Friday 10 June 2011

Rhodio - An intervention

Kathryn Campbell Dodd - A spoon is a spoon is a spoon... 





















Last week I spent five days at the Venice Biennale during the opening week. I went partly to see my own work in situ at Rhodio, an artist-led group show in a restaurant, Pane Vino e San Daniele in Dorsoduro. The show ran from 30 May to 4 June and involved the work of 13 installation artists from Wales making an intervention into the space. 

Kathryn Campbell Dodd - A spoon is a spoon is a spoon (detail)

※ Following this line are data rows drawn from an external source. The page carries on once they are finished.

(* There are absolute constants $K>0$ and $d_0$ such that for all $d\ge d_0$, a standard Gaussian vector $\mathbf{w}\sim\mathcal{N}(0,I_d)$ satisfies $\|\mathbf{w}\|_T\le K\sqrt{d}$ with probability at least $1-\exp(-2d/(\log d)^4)$. The same holds if $\mathbf{w}$ is instead distributed as $\mathcal{N}(0,I_d)$ conditioned on $w_1+\dots+w_d=0$ (i.e. $\mathbf{w}\sim\mathcal{N}(0,I_d-\mathbf{1}\mathbf{1}^T/d)$).
   Context: For $\mathbf{v}\in\mathbb{R}^d$ define \[\|\mathbf{v}\|_T^2=\sup_{\emptyset\ne S\subseteq[d]}\log^4(2d/|S|)\sum_{j\in S}v_j^2.\] *)

theory Defs
  imports "HOL-Probability.Probability"
begin

text \<open>Vectors in R^d are represented as functions nat => real, with coordinates
  indexed by {..<d} (i.e. [d] shifted by one).\<close>

definition Tnorm_sq :: "nat \<Rightarrow> (nat \<Rightarrow> real) \<Rightarrow> real" where
  "Tnorm_sq d v = (SUP S \<in> {S. S \<subseteq> {..<d} \<and> S \<noteq> {}}.
      (ln (2 * real d / real (card S))) ^ 4 * (\<Sum>j\<in>S. (v j)\<^sup>2))"

definition Tnorm :: "nat \<Rightarrow> (nat \<Rightarrow> real) \<Rightarrow> real" where
  "Tnorm d v = sqrt (Tnorm_sq d v)"

definition std_gaussian :: "nat \<Rightarrow> (nat \<Rightarrow> real) measure" where
  "std_gaussian d = PiM {..<d} (\<lambda>_. density lborel std_normal_density)"

definition center :: "nat \<Rightarrow> (nat \<Rightarrow> real) \<Rightarrow> (nat \<Rightarrow> real)" where
  "center d w = (\<lambda>i. if i < d then w i - (\<Sum>j<d. w j) / real d else undefined)"

text \<open>N(0, I_d - 1 1^T / d) = law of the centered standard Gaussian vector,
  i.e. N(0,I_d) conditioned on w_1 + ... + w_d = 0.\<close>
definition centered_gaussian :: "nat \<Rightarrow> (nat \<Rightarrow> real) measure" where
  "centered_gaussian d = distr (std_gaussian d) (PiM {..<d} (\<lambda>_. lborel)) (center d)"

end

theory Submission
  imports Defs "HOL-Real_Asymp.Real_Asymp"
begin

text \<open>Union bound over all nonempty coordinate sets S, grouped by k = |S|. For fixed S
  the sum of squares of the coordinates in S is chi-squared with k degrees of freedom, so
  the Chernoff bound with parameter 1/4 gives P(sum_S w_j^2 \<ge> t) \<le> 2^(k/2) exp(-t/4).
  Taking t = 1600 d / ln(2d/k)^4, this beats the number (ed/k)^k of such sets, because
  k ln(2d/k)^5 = O(d). Centering costs only a constant factor: the mean m satisfies
  d m^2 \<le> |w|^2, and |w|^2 is controlled by the term of S = [d].\<close>

lemma power_div_fact_le_exp:
  fixes x :: real
  assumes "0 \<le> x"
  shows "x ^ n / fact n \<le> exp x"
proof -
  have "x ^ n / fact n \<le> (\<Sum>m\<le>n. x ^ m / fact m)"
    by (rule member_le_sum) (use assms in auto)
  also have "\<dots> \<le> exp x"
    using assms summable_exp_generic[of x]
    by (auto simp: exp_def divide_inverse ac_simps intro!: sum_le_suminf)
  finally show ?thesis .
qed

lemma binomial_le_exp_mult_div_power: "real (n choose k) \<le> (exp 1 * real n / real k) ^ k"
proof (cases "k = 0")
  case False
  have "real (n choose k) * fact k \<le> real n ^ k"
    using binomial_fact_pow[of n k] by (metis of_nat_fact of_nat_le_iff of_nat_mult of_nat_power)
  hence "real (n choose k) \<le> real n ^ k / fact k"
    by (simp add: field_simps)
  also have "\<dots> = (real n / real k) ^ k * (real k ^ k / fact k)"
    using False by (simp add: power_divide)
  also have "\<dots> \<le> (real n / real k) ^ k * exp (real k)"
    by (intro mult_left_mono power_div_fact_le_exp) auto
  also have "exp (real k) = exp 1 ^ k"
    using exp_of_nat_mult[of k 1] by simp
  also have "(real n / real k) ^ k * exp 1 ^ k = (exp 1 * real n / real k) ^ k"
    by (simp add: power_mult_distrib power_divide)
  finally show ?thesis .
qed simp

lemma mult_ln_div_power_le:
  fixes a b :: real
  assumes "0 < a" "a \<le> b"
  shows "a * ln (b / a) ^ n \<le> fact n * b"
proof -
  have "ln (b / a) ^ n \<le> fact n * exp (ln (b / a))"
    using power_div_fact_le_exp[of "ln (b / a)" n] assms by (simp add: field_simps)
  also have "\<dots> = fact n * b / a"
    using assms by simp
  finally show ?thesis
    using assms by (simp add: field_simps)
qed

lemma le_exp_div_ln_power:
  fixes x :: real
  assumes "1 < x" "ln x ^ 5 \<le> x"
  shows "x \<le> exp (x / ln x ^ 4)"
proof -
  have "ln x \<le> x / ln x ^ 4"
    using assms by (simp add: pos_le_divide_eq power_Suc[symmetric] mult.commute)
  thus ?thesis
    using assms by (metis exp_le_cancel_iff exp_ln less_trans zero_less_one)
qed

lemma ln_two_ge_half: "1 / 2 \<le> ln (2::real)"
  using exp_half_le2 by (subst ln_ge_iff) auto

lemma binomial_mult_sqrt_two_power_le:
  assumes "1 \<le> k" "k \<le> d"
  shows "real (d choose k) * sqrt 2 ^ k \<le> exp (real k * (1 + ln (2 * real d / real k)))"
proof -
  have "0 < 2 * real d / real k"
    using assms by simp
  have "real (d choose k) * sqrt 2 ^ k \<le> (exp 1 * real d / real k) ^ k * 2 ^ k"
    using sqrt2_less_2 by (intro mult_mono binomial_le_exp_mult_div_power power_mono) auto
  also have "\<dots> = (exp 1 * (2 * real d / real k)) ^ k"
    by (simp add: power_mult_distrib power_divide)
  also have "exp 1 * (2 * real d / real k) = exp (1 + ln (2 * real d / real k))"
    using \<open>0 < 2 * real d / real k\<close> by (simp add: exp_add)
  also have "exp (1 + ln (2 * real d / real k)) ^ k = exp (real k * (1 + ln (2 * real d / real k)))"
    by (simp add: exp_of_nat_mult)
  finally show ?thesis .
qed

lemma binomial_chi_square_tail_le:
  assumes "2 \<le> d" "1 \<le> k" "k \<le> d"
  shows "real (d choose k) * sqrt 2 ^ k * exp (- 400 * real d / ln (2 * real d / real k) ^ 4)
    \<le> exp (- 3 * real d / ln (real d) ^ 4)"
proof -
  define L where "L = ln (2 * real d / real k)"
  define q where "q = real d / L ^ 4"
  have k: "0 < real k" "real k \<le> 2 * real d"
    using assms by auto
  have L_pos: "0 < L"
    unfolding L_def using assms by (simp add: field_simps)
  have "real k * L ^ 4 \<le> 48 * real d" "real k * L ^ 5 \<le> 240 * real d"
    using mult_ln_div_power_le[of "real k" "2 * real d" 4]
      mult_ln_div_power_le[of "real k" "2 * real d" 5] k
    by (simp_all add: L_def fact_numeral)
  moreover have "real k * (1 + L) * L ^ 4 = real k * L ^ 4 + real k * L ^ 5"
    by (simp add: algebra_simps eval_nat_numeral)
  ultimately have "real k * (1 + L) * L ^ 4 \<le> 288 * real d"
    by linarith
  hence k_L: "real k * (1 + L) \<le> 288 * q"
    using L_pos by (simp add: q_def pos_le_divide_eq)
  have "L \<le> ln (2 * real d)"
    unfolding L_def using k by (subst ln_le_cancel_iff) (auto simp: field_simps)
  also have "\<dots> \<le> 2 * ln (real d)"
    using assms by (simp add: ln_mult ln_le_cancel_iff)
  finally have "L ^ 4 \<le> 16 * ln (real d) ^ 4"
    using power_mono[of L "2 * ln (real d)" 4] L_pos by simp
  hence ln_q: "7 * (real d / ln (real d) ^ 4) \<le> 112 * q"
    using L_pos assms by (simp add: q_def field_simps)
  have "0 \<le> real d / ln (real d) ^ 4"
    by simp
  hence "real k * (1 + L) - 400 * q \<le> - 3 * real d / ln (real d) ^ 4"
    using k_L ln_q by linarith
  hence "exp (real k * (1 + L)) * exp (- 400 * real d / L ^ 4) \<le> exp (- 3 * real d / ln (real d) ^ 4)"
    by (simp add: q_def flip: exp_add)
  thus ?thesis
    using binomial_mult_sqrt_two_power_le[OF assms(2,3)] unfolding L_def
    by (meson exp_ge_zero mult_right_mono order_trans)
qed

abbreviation std_normal :: "real measure" where
  "std_normal \<equiv> density lborel std_normal_density"

lemma prob_space_std_normal: "prob_space std_normal"
  by (rule prob_space_normal_density) simp

lemma prob_space_std_gaussian: "prob_space (std_gaussian d)"
  unfolding std_gaussian_def by (intro prob_space_PiM prob_space_std_normal)

lemma measurable_component_PiM_borel:
  assumes "sets M = sets borel" "j \<in> I"
  shows "(\<lambda>w. w j) \<in> borel_measurable (PiM I (\<lambda>_. M))"
  using assms by (metis measurable_component_singleton measurable_cong_sets)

At first sight the restaurant space looked fairly untouched, other than the white cloths that Roger Lougher (the curator) had draped across the ornaments and objects belonging to the owners that had been left in situ, a subtle way of directing the visitor's attention to the works that were operating as 'art' in the space. The show was not invigilated, and visitors were left to find their own way around the work with the help of 'table talkers' - a small information sheet for each artist standing near the work.

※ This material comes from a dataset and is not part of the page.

(* Let $\Bbbk$ be a field of characteristic zero, let $d\ge 2$ be an integer, and let $A$ be a vector space over $\Bbbk$ (of arbitrary, possibly infinite, dimension) equipped with a symmetric $d$-linear map $\mu: A^d\to A$. If $A$ is Yagzhev nil, then $A$ is Engel. More precisely, if $A$ is Yagzhev nil of nilindex $p$, then $A$ is $n$-Engel for $$n = d\left\lfloor \frac{p-2}{d-1}\right\rfloor + 1.$$
   Context: The map $\mu$ is symmetric: $\mu(x_1,\dots,x_d)=\mu(x_{\sigma(1)},\dots,x_{\sigma(d)})$ for all $\sigma\in S_d$ and all $x_i\in A$. For $x,y\in A$ define $\mathrm{ad}_x(y)=\mu(x,\dots,x,y)$ (with $d-1$ copies of $x$), $\mathrm{ad}_x^1=\mathrm{ad}_x$, and $\mathrm{ad}_x^{k+1}(y)=\mu(x,\dots,x,\mathrm{ad}_x^k(y))$. The algebra $(A,\mu)$ is called $n$-Engel if $\mathrm{ad}_x^n(y)=0$ for all $x,y\in A$, and Engel if it is $n$-Engel for some positive integer $n$. Define maps $T_q:A\to A$ for positive integers $q$ recursively by $T_1(x)=x$ and, for $q>1$, $T_q(x)=\sum \mu(T_{i_1}(x),\dots,T_{i_d}(x))$, where the sum runs over all $d$-tuples $(i_1,\dots,i_d)$ of positive integers with $i_1+\dots+i_d=q$. The algebra $A$ is called Yagzhev nil of nilindex $p$ (for a positive integer $p$) if $T_q(x)=0$ for all $x\in A$ and all integers $q\ge p$; it is called Yagzhev nil if it is Yagzhev nil of nilindex $p$ for some $p$. *)

theory Defs
  imports Complex_Main "HOL-Combinatorics.Permutations"
begin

I liked that quietness, the minimal impact on the environment. So much of the Venice Biennale shouts and jostles for attention, there was something rather subversive about the subtlety of the intervention. The Rhôd group of artists from whom those showing were selected, have been very much exploring ideas about 'place' - the urban rural dialogue; the centre and the periphery - and this was an interesting extension of that conversation. How does a loosely formed group of artists from urban Cardiff and rural west Wales take their discussion to a cultural hotspot like the biennale? What can we say about Wales in this unique place? How can we occupy a little corner of this exceptional art fair?

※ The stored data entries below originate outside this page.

(* For every $n\in\mathbb{N}$ and every $0\le \rho\le \tfrac12$, let $d=2^n+1$ and $W=\{x\in\mathbb{R}^d:\|x\|\le 1\}$. Then there exist an instance set $\mathcal{Z}$, a distribution $\mathcal{D}$ over $\mathcal{Z}$, and a loss $f:\mathbb{R}^d\times\mathcal{Z}\to\mathbb{R}$ such that for every $z$, $f(\cdot,z)$ is non-negative, convex, $1$-Lipschitz on $W$, $1$-smooth and $\rho$-flat, with the following property: with probability at least $\tfrac12$ over the i.i.d. training set $S=(z_1,\dots,z_n)\sim\mathcal{D}^n$, there exist $w^{(1)},w^{(2)}\in\arg\min_{w\in W}F_S(w)$ such that (i) for every $r\ge 0$, $w^{(1)}\in\arg\min_{w\in W}F_S^{r}(w)$ (in particular, if $r\le\rho$, $w^{(1)}$ is an $r$-flat minimum of $F_S$); (ii) $w^{(2)}$ is sharp: $F_S^{\delta}(w^{(2)})\ge F_S(w^{(2)})+\tfrac12\delta^2$ for every $\delta>0$; (iii) $F(w^{(1)})-F(w^\star)\ge c$ for a universal constant $c>0$ (e.g. $c=1/16$), while $F(w^{(2)})-F(w^\star)=0$, where $w^\star\in\arg\min_{w\in W}F(w)$.
   Context: Norms are Euclidean. For a loss $f(w,z)$ and distribution $\mathcal{D}$, the population risk is $F(w)=\mathbb{E}_{z\sim\mathcal{D}}[f(w,z)]$, and for a sample $S=(z_1,\dots,z_n)$ the empirical risk is $F_S(w)=\frac1n\sum_{i=1}^n f(w,z_i)$. The sharpness-aware empirical risk with radius $r\ge0$ is $F_S^{r}(w)=\max_{v:\|v\|\le r}F_S(w+v)$. A function is $\beta$-smooth if its gradient is $\beta$-Lipschitz. For $\rho\ge0$, a point $w^\star$ is a $\rho$-flat minimum of a non-negative function $g:\mathbb{R}^d\to\mathbb{R}$ if $g(w)=0$ for every $w$ with $\|w-w^\star\|\le\rho$; $g$ is called $\rho$-flat if it has a $\rho$-flat minimum. *)

theory Defs
  imports "HOL-Analysis.Analysis" "HOL-Probability.Probability"
begin

definition emp_risk :: "('a \<Rightarrow> 'z \<Rightarrow> real) \<Rightarrow> nat \<Rightarrow> (nat \<Rightarrow> 'z) \<Rightarrow> 'a \<Rightarrow> real" where
  "emp_risk f n S w = (\<Sum>i<n. f w (S i)) / real n"

definition pop_risk :: "('a \<Rightarrow> 'z \<Rightarrow> real) \<Rightarrow> 'z measure \<Rightarrow> 'a \<Rightarrow> real" where
  "pop_risk f D w = (\<integral>z. f w z \<partial>D)"

definition sa_risk :: "('a::real_normed_vector \<Rightarrow> real) \<Rightarrow> real \<Rightarrow> 'a \<Rightarrow> real" where
  "sa_risk g r w = (SUP v\<in>cball 0 r. g (w + v))"

definition argmin_on :: "'a set \<Rightarrow> ('a \<Rightarrow> real) \<Rightarrow> 'a set" where
  "argmin_on W g = {w \<in> W. \<forall>v\<in>W. g w \<le> g v}"

definition smooth_fun :: "real \<Rightarrow> ('a::real_inner \<Rightarrow> real) \<Rightarrow> bool" where
  "smooth_fun \<beta> g \<longleftrightarrow> (\<exists>G. (\<forall>x. (g has_derivative (\<lambda>h. G x \<bullet> h)) (at x)) \<and>
      (\<forall>x y. norm (G x - G y) \<le> \<beta> * norm (x - y)))"

definition flat_min :: "('a::real_normed_vector \<Rightarrow> real) \<Rightarrow> real \<Rightarrow> 'a \<Rightarrow> bool" where
  "flat_min g \<rho> w0 \<longleftrightarrow> (\<forall>w. norm (w - w0) \<le> \<rho> \<longrightarrow> g w = 0)"

definition flat_fun :: "('a::real_normed_vector \<Rightarrow> real) \<Rightarrow> real \<Rightarrow> bool" where
  "flat_fun g \<rho> \<longleftrightarrow> (\<exists>w0. flat_min g \<rho> w0)"

end

theory Submission
  imports Defs
begin

text \<open>
  Let \<open>N = 2^n\<close> and let an instance \<open>z \<subseteq> {0..<N}\<close> activate the basis directions \<open>e N\<close> and
  \<open>e j\<close> for \<open>j \<in> z\<close>; its loss sums the convex, 1-smooth dead-zone quadratic
  \<open>(max 0 (\<bar>w \<bullet> b\<bar> - \<rho>))\<^sup>2 / 2\<close> over the active directions \<open>b\<close>. For \<open>n\<close> uniform samples,
  with probability \<open>1 - (1 - 1/N)^N \<ge> 1/2\<close> some direction \<open>e j\<close> is active in no sample.
  The empirical risk is then invariant under translations along \<open>e j\<close>, so \<open>e j\<close> is a flat
  empirical minimiser and, the empirical risk being convex and even, it also minimises every
  sharpness-aware risk; yet half of the population activates \<open>e j\<close>, so its population risk is
  \<open>(1 - \<rho>)\<^sup>2 / 4 \<ge> 1/16\<close>. The direction \<open>e N\<close> is active in every sample, which makes
  \<open>\<rho> e N\<close> a sharp empirical minimiser of population risk zero.
\<close>

lemma has_real_derivative_quadratic_remainder:
  fixes g :: "real \<Rightarrow> real"
  assumes "\<And>y. \<bar>g y - g x - D * (y - x)\<bar> \<le> C * (y - x)\<^sup>2"
  shows "(g has_real_derivative D) (at x)"
proof -
  have "((\<lambda>y. (g y - g x) / (y - x)) \<longlongrightarrow> D) (at x)"
  proof (rule metric_tendsto_imp_tendsto)
    show "((\<lambda>y. C * (y - x)) \<longlongrightarrow> 0) (at x)"
      by (intro tendsto_eq_intros) auto
    show "\<forall>\<^sub>F y in at x. dist ((g y - g x) / (y - x)) D \<le> dist (C * (y - x)) 0"
      unfolding eventually_at_filter
    proof (intro always_eventually allI impI)
      fix y assume "y \<noteq> x"
      then have "dist ((g y - g x) / (y - x)) D = \<bar>g y - g x - D * (y - x)\<bar> / \<bar>y - x\<bar>"
        by (simp add: dist_real_def abs_divide[symmetric] diff_divide_distrib)
      also have "\<dots> \<le> C * (y - x)\<^sup>2 / \<bar>y - x\<bar>"
        by (rule divide_right_mono[OF assms abs_ge_zero])
      also have "\<dots> = C * \<bar>y - x\<bar>"
        using \<open>y \<noteq> x\<close> by (simp add: power2_eq_square divide_simps)
      also have "\<dots> \<le> dist (C * (y - x)) 0"
        by (simp add: abs_mult mult_right_mono)
      finally show "dist ((g y - g x) / (y - x)) D \<le> dist (C * (y - x)) 0" .
    qed
  qed
  then show ?thesis
    by (simp add: has_field_derivative_iff)
qed

definition half_sq_pos :: "real \<Rightarrow> real" where
  "half_sq_pos s = (max 0 s)\<^sup>2 / 2"

lemma half_sq_pos_remainder:
  "\<bar>half_sq_pos y - half_sq_pos x - max 0 x * (y - x)\<bar> \<le> (y - x)\<^sup>2"
proof -
  have mixed: "x * y \<le> 0" if "(0 \<le> x) \<noteq> (0 \<le> y)"
    using that by (auto intro: mult_nonneg_nonpos mult_nonpos_nonneg)
  have sq: "0 \<le> x * x" "0 \<le> y * y" "2 * (x * y) \<le> x * x + y * y"
    using sum_squares_bound[of x y] by (simp_all add: power2_eq_square)
  show ?thesis
    unfolding half_sq_pos_def max_def power2_eq_square
    using mixed sq by (auto simp: abs_le_iff algebra_simps) (use sq in linarith)+
qed

lemma has_real_derivative_half_sq_pos: "(half_sq_pos has_real_derivative max 0 s) (at s)"
  by (rule has_real_derivative_quadratic_remainder[where C = 1]) (simp add: half_sq_pos_remainder)

definition deadzone_sq :: "real \<Rightarrow> real \<Rightarrow> real" where
  "deadzone_sq r t = half_sq_pos (t - r) + half_sq_pos (- t - r)"

definition deadzone_sq_deriv :: "real \<Rightarrow> real \<Rightarrow> real" where
  "deadzone_sq_deriv r t = max 0 (t - r) - max 0 (- t - r)"

lemma has_real_derivative_deadzone_sq:
  "(deadzone_sq r has_real_derivative deadzone_sq_deriv r t) (at t)"
proof -
  have right: "((\<lambda>t. half_sq_pos (t - r)) has_real_derivative max 0 (t - r) * 1) (at t)"
    by (rule DERIV_chain2[OF has_real_derivative_half_sq_pos]) (auto intro!: derivative_eq_intros)
  have left: "((\<lambda>t. half_sq_pos (- t - r)) has_real_derivative max 0 (- t - r) * (- 1)) (at t)"
    by (rule DERIV_chain2[OF has_real_derivative_half_sq_pos]) (auto intro!: derivative_eq_intros)
  show ?thesis
    using DERIV_add[OF right left] unfolding deadzone_sq_def[abs_def] deadzone_sq_deriv_def by simp
qed

lemma deadzone_sq_nonneg: "0 \<le> deadzone_sq r t"
  by (simp add: deadzone_sq_def half_sq_pos_def)

lemma deadzone_sq_eq_0: "\<bar>t\<bar> \<le> r \<Longrightarrow> deadzone_sq r t = 0"
  by (simp add: deadzone_sq_def half_sq_pos_def)

lemma deadzone_sq_minus: "deadzone_sq r (- t) = deadzone_sq r t"
  by (simp add: deadzone_sq_def)

lemma deadzone_sq_beyond: "0 \<le> r \<Longrightarrow> 0 \<le> d \<Longrightarrow> deadzone_sq r (r + d) = d\<^sup>2 / 2"
  by (simp add: deadzone_sq_def half_sq_pos_def)

lemma abs_deadzone_sq_deriv_le: "0 \<le> r \<Longrightarrow> \<bar>deadzone_sq_deriv r t\<bar> \<le> \<bar>t\<bar>"
  by (simp add: deadzone_sq_deriv_def max_def)

lemma deadzone_sq_deriv_lipschitz:
  "0 \<le> r \<Longrightarrow> \<bar>deadzone_sq_deriv r s - deadzone_sq_deriv r t\<bar> \<le> \<bar>s - t\<bar>"
  by (simp add: deadzone_sq_deriv_def max_def)

lemma deadzone_sq_deriv_mono: "0 \<le> r \<Longrightarrow> s \<le> t \<Longrightarrow> deadzone_sq_deriv r s \<le> deadzone_sq_deriv r t"
  by (simp add: deadzone_sq_deriv_def max_def)

lemma convex_on_deadzone_sq: "0 \<le> r \<Longrightarrow> convex_on UNIV (deadzone_sq r)"
  by (rule convex_on_realI[where f'="deadzone_sq_deriv r"])
    (auto intro: has_real_derivative_deadzone_sq deadzone_sq_deriv_mono)

lemma convex_on_sum_fun:
  assumes "finite I" "convex S" "\<And>i. i \<in> I \<Longrightarrow> convex_on S (f i)"
  shows "convex_on S (\<lambda>x. \<Sum>i\<in>I. f i x)"
  using assms by (induction I rule: finite_induct) (auto simp: convex_on_const)

lemma convex_on_compose_linear:
  assumes "linear h" "convex_on UNIV g"
  shows "convex_on UNIV (\<lambda>x. g (h x))"
  using assms(2) by (auto simp: convex_on_def linear_add[OF assms(1)] linear_scale[OF assms(1)])

lemma inner_sum_scaleR_Basis:
  assumes "K \<subseteq> Basis" "b \<in> Basis"
  shows "(\<Sum>k\<in>K. c k *\<^sub>R k) \<bullet> b = (if b \<in> K then c b else 0)"
proof -
  have "finite K"
    using assms(1) finite_Basis finite_subset by blast
  moreover have "(c k *\<^sub>R k) \<bullet> b = (if k = b then c b else 0)" if "k \<in> K" for k
    using that assms by (auto simp: inner_Basis)
  ultimately show ?thesis
    by (simp add: inner_sum_left)
qed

The show included work by: Michael Cousin, Ann Jordan, Kathryn Campbell Dodd,  Mike Murray, good cop bad cop, Jason Pinder, Kim Fielding, David Shepherd, Richard Higlett, Elizabeth Waterhouse, Penny Jones, Jacob Whittaker. It was curated by Roger Lougher and presented by Mari Beynon Owen.

Jacob Whittaker - A Welsh Stream


















Jacob Whittaker, Cardigan based sound and video artist, installed three vinyl records in the show each tagged with a smart phone app that took you to his dedicated live webcasting site A Welsh Stream,  where you could access video from three locations in rural Wales including Melin Glonc where the Rhôd series of shows have been held.

Richard Higlett 























Cardiff based artist Richard Higlett used one of the sketches already in situ in the restaurant, a pencil sketch view of the Grand Canal, and created an inverted version of it as though a frogman's eye view of the scene and a comment on the popularity/folly of the biennale and the sinking of the city.

Penny Jones














Penny Jones took a pair of 16th Century poems - one in Welsh, one in Italian - and created a menu for the restaurant which contained the two. Bawdy and sexually explicit, they are written by women in a man's world. She also redesigned the restaurant logo to depict three pregnant women - one pushing a buggy. During the exhibition Penny made a short performance piece in which she played with the androgyny of a composite character, part woman, part Gondolier. 

Penny Jones






















Curator, Roger Lougher showed pieces from his series of altered health and safety signs.

Roger Lougher






















1 comment:

  1. what a lovely looking exhibition! A spoon is a spoon is a spoon... is very intriguing!